发布于 2024-11-18 12:59:08 字数 3795 浏览 6 评论 0原文

检测照片中发票/收据/纸张的角点的最佳方法是什么?这将用于 OCR 之前的后续透视校正。

我目前的方法是:

RGB>灰色>使用阈值处理的 Canny 边缘检测 >膨胀(1)>去除小物体(6) >清除边界对象>根据凸面积选择大型博客。 > [角点检测 - 未实现]

我忍不住认为必须有一种更强大的“智能”/统计方法来处理这种类型的分割。我没有很多训练示例,但我可能可以收集 100 张图像。

更广泛的背景:

我正在使用 matlab 进行原型设计,并计划在 OpenCV 和 Tesserect-OCR 中实现该系统。这是我需要为此特定应用解决的许多图像处理问题中的第一个。因此,我希望推出自己的解决方案并重新熟悉图像处理算法。

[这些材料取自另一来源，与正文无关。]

lemma sf_W: "j \<in> {1..K} \<Longrightarrow> simple_function M (W j)" using valid_unfolded by auto
lemma sf_RS: "simple_function M RS" using valid_unfolded by auto
lemma sf_F: "simple_function M F" using valid_unfolded by auto
lemma sf_Q: "n \<in> {1..N} \<Longrightarrow> k \<in> {1..K} \<Longrightarrow> card S = m \<Longrightarrow> simple_function M (Q n k S)"
  using valid_unfolded by auto
lemma sf_A: "n \<in> {1..N} \<Longrightarrow> k \<in> {1..K} \<Longrightarrow> card S = m \<Longrightarrow> simple_function M (A n k S)"
  using valid_unfolded by auto
lemma messages_in_msg_space: "\<omega> \<in> space M \<Longrightarrow> WW \<omega> \<in> msg_space K L" using valid_unfolded by auto
lemma messages_uniform:
  "w \<in> msg_space K L \<Longrightarrow> prob_val WW w = 1 / real (card (msg_space K L :: (nat \<Rightarrow> nat \<Rightarrow> 'f) set))"
  using valid_unfolded by auto
lemma entropy_V: "card S = m \<Longrightarrow> \<H>(V S) = \<H>(RS) - \<H>(U S)" using valid_unfolded by auto
lemma messages_indep_randomness: "card S = m \<Longrightarrow> \<I>(WW ; \<lambda>\<omega>. (F \<omega>, RS \<omega>, U S \<omega>)) = 0"
  using valid_unfolded by auto
lemma queries_by_strategy: "k \<in> {1..K} \<Longrightarrow> card S = m \<Longrightarrow> \<H>(QT k S | F) = 0"
  using valid_unfolded by auto
lemma answer_by_query: "k \<in> {1..K} \<Longrightarrow> n \<in> {1..N} \<Longrightarrow> card S = m \<Longrightarrow>
    \<H>(A n k S | \<lambda>\<omega>. (Q n k S \<omega>, WW \<omega>, RS \<omega>)) = 0"
  using valid_unfolded by auto
lemma decodability: "k \<in> {1..K} \<Longrightarrow> card S = m \<Longrightarrow>
    \<H>(W k | \<lambda>\<omega>. (F \<omega>, AT k S \<omega>, U S \<omega>)) = 0"
  using valid_unfolded by auto
lemma user_privacy: "k \<in> {1..K} \<Longrightarrow> k' \<in> {1..K} \<Longrightarrow> n \<in> {1..N} \<Longrightarrow> card S = m \<Longrightarrow>
   \<exists>S'. card S' = m \<and> \<H>(U S') = \<H>(U S) \<and>
     same_law M (\<lambda>\<omega>. (Q n k S \<omega>, A n k S \<omega>, WW \<omega>, RS \<omega>))
       (\<lambda>\<omega>. (Q n k' S' \<omega>, A n k' S' \<omega>, WW \<omega>, RS \<omega>))"
  using valid_unfolded by auto
lemma database_privacy: "k \<in> {1..K} \<Longrightarrow> card S = m \<Longrightarrow>
    \<I>(tup ({1..K} - {k}) W ; \<lambda>\<omega>. (F \<omega>, AT k S \<omega>, U S \<omega>)) = 0"
  using valid_unfolded by auto

lemma sf_WT:
  assumes T: "T \<subseteq> {1..K}" shows "simple_function M (WT T)"
proof (rule simple_function_tup)
  show "finite T" using T finite_subset by blast
  fix i assume "i \<in> T" then show "simple_function M (W i)" using T sf_W by blast
qed
lemma sf_WW: "simple_function M WW" by (rule sf_WT) simp
lemma sf_AT: "k \<in> {1..K} \<Longrightarrow> card S = m \<Longrightarrow> simple_function M (AT k S)"
  by (rule simple_function_tup) (auto intro: sf_A)
lemma sf_QT: "k \<in> {1..K} \<Longrightarrow> card S = m \<Longrightarrow> simple_function M (QT k S)"
  by (rule simple_function_tup) (auto intro: sf_Q)
lemma sf_U: "simple_function M (U S)"
  unfolding RU_def using simple_function_compose1[OF sf_RS, of "\<lambda>r. restrict r S"] by simp
lemma sf_V: "simple_function M (V S)"
  unfolding RSminusRU_def using simple_function_compose1[OF sf_RS, of "\<lambda>r. restrict r (- S)"] by simp

lemma WT_eq_restrict: "T \<subseteq> {1..K} \<Longrightarrow> WT T \<omega> = restrict (WW \<omega>) T"
  by (auto simp: tup_def restrict_def fun_eq_iff)

lemma W_in_blocks: "\<omega> \<in> space M \<Longrightarrow> i \<in> {1..K} \<Longrightarrow> W i \<omega> \<in> PiE {0..<L} (\<lambda>_. UNIV)"
  using messages_in_msg_space[of \<omega>] unfolding msg_space_def tup_def by (auto dest: PiE_mem)

lemma card_blocks: "card (PiE {0..<L} (\<lambda>_. UNIV :: 'f set)) = CARD('f) ^ L"
  by (simp add: card_PiE)

lemma card_msg_space: "card (msg_space K L :: (nat \<Rightarrow> nat \<Rightarrow> 'f) set) = CARD('f) ^ (L * K)"
  unfolding msg_space_def by (simp add: card_PiE card_blocks power_mult)

lemma log_card_power: "log b (real (CARD('f) ^ n)) = real n"
  using b_gt_1 unfolding b_def by (simp add: log_nat_power)

lemma entropy_messages: "\<H>(WW) = real K * real L"
proof -
  let ?c = "card (msg_space K L :: (nat \<Rightarrow> nat \<Rightarrow> 'f) set)"
  have c_pos: "0 < ?c" unfolding card_msg_space by simp
  have range: "WW ` space M = msg_space K L"
  proof
    show "WW ` space M \<subseteq> msg_space K L" using messages_in_msg_space by auto
    show "msg_space K L \<subseteq> WW ` space M"
    proof
      fix w :: "nat \<Rightarrow> nat \<Rightarrow> 'f" assume "w \<in> msg_space K L"
      then have "prob_val WW w \<noteq> 0" using messages_uniform c_pos by simp
      then have "WW -` {w} \<inter> space M \<noteq> {}" by auto
      then show "w \<in> WW ` space M" by auto
    qed
  qed
  have "\<H>(WW) = - (\<Sum>w\<in>msg_space K L. prob_val WW w * log b (prob_val WW w))"
    using entropy_simple_eq[OF sf_WW] by (simp only: range)
  also have "\<dots> = - (\<Sum>w\<in>(msg_space K L :: (nat \<Rightarrow> nat \<Rightarrow> 'f) set). (1 / real ?c) * log b (1 / real ?c))"
    using messages_uniform by (intro arg_cong[where f=uminus] sum.cong refl) presburger
  also have "\<dots> = log b (real ?c)"
    using c_pos b_gt_1 by (simp add: log_divide)
  also have "\<dots> = real K * real L" unfolding card_msg_space log_card_power by simp
  finally show ?thesis .
qed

以下是我希望算法处理的一些示例图像:如果您想接受挑战,大图像位于 http://madteckhead.com/tmp

案例 1
(来源:madteckhead.com

case 2
(来源:madteckhead.com

case 3
(来源:madteckhead.com

case 4
(来源:madteckhead.com

在最好的情况下,这给出:

案例 1 - 精明
(来源:madteckhead.com

案例 1 - 帖子精明
(来源:madteckhead.com

情况 1 - 最大博客
(来源:madteckhead.com

但是在其他情况下很容易失败:

案例2-精明
(来源:madteckhead.com

案例 2 - 帖子精明
(来源:madteckhead.com

情况 2 - 最大博客
(来源:madteckhead.com

编辑:霍夫变换进度

问:什么算法可以对霍夫线进行聚类以找到角点? 根据答案的建议,我能够使用霍夫变换,选择线条并过滤它们。我目前的方法相当粗糙。我假设发票与图像的偏差始终小于 15 度。如果是这种情况,我最终会得到合理的线条结果(见下文)。但我并不完全确定是否有合适的算法来对线进行聚类(或投票)以推断角点。霍夫线不连续。在噪声图像中,可能存在平行线,因此需要某种形式或距线原点的距离度量。有什么想法吗?

情况 1 情况 2情况 3情况 4
(来源:madteckhead.com

What is the best way to detect the corners of an invoice/receipt/sheet-of-paper in a photo? This is to be used for subsequent perspective correction, before OCR.

My current approach has been:

RGB > Gray > Canny Edge Detection with thresholding > Dilate(1) > Remove small objects(6) > clear boarder objects > pick larges blog based on Convex Area. > [corner detection - Not implemented]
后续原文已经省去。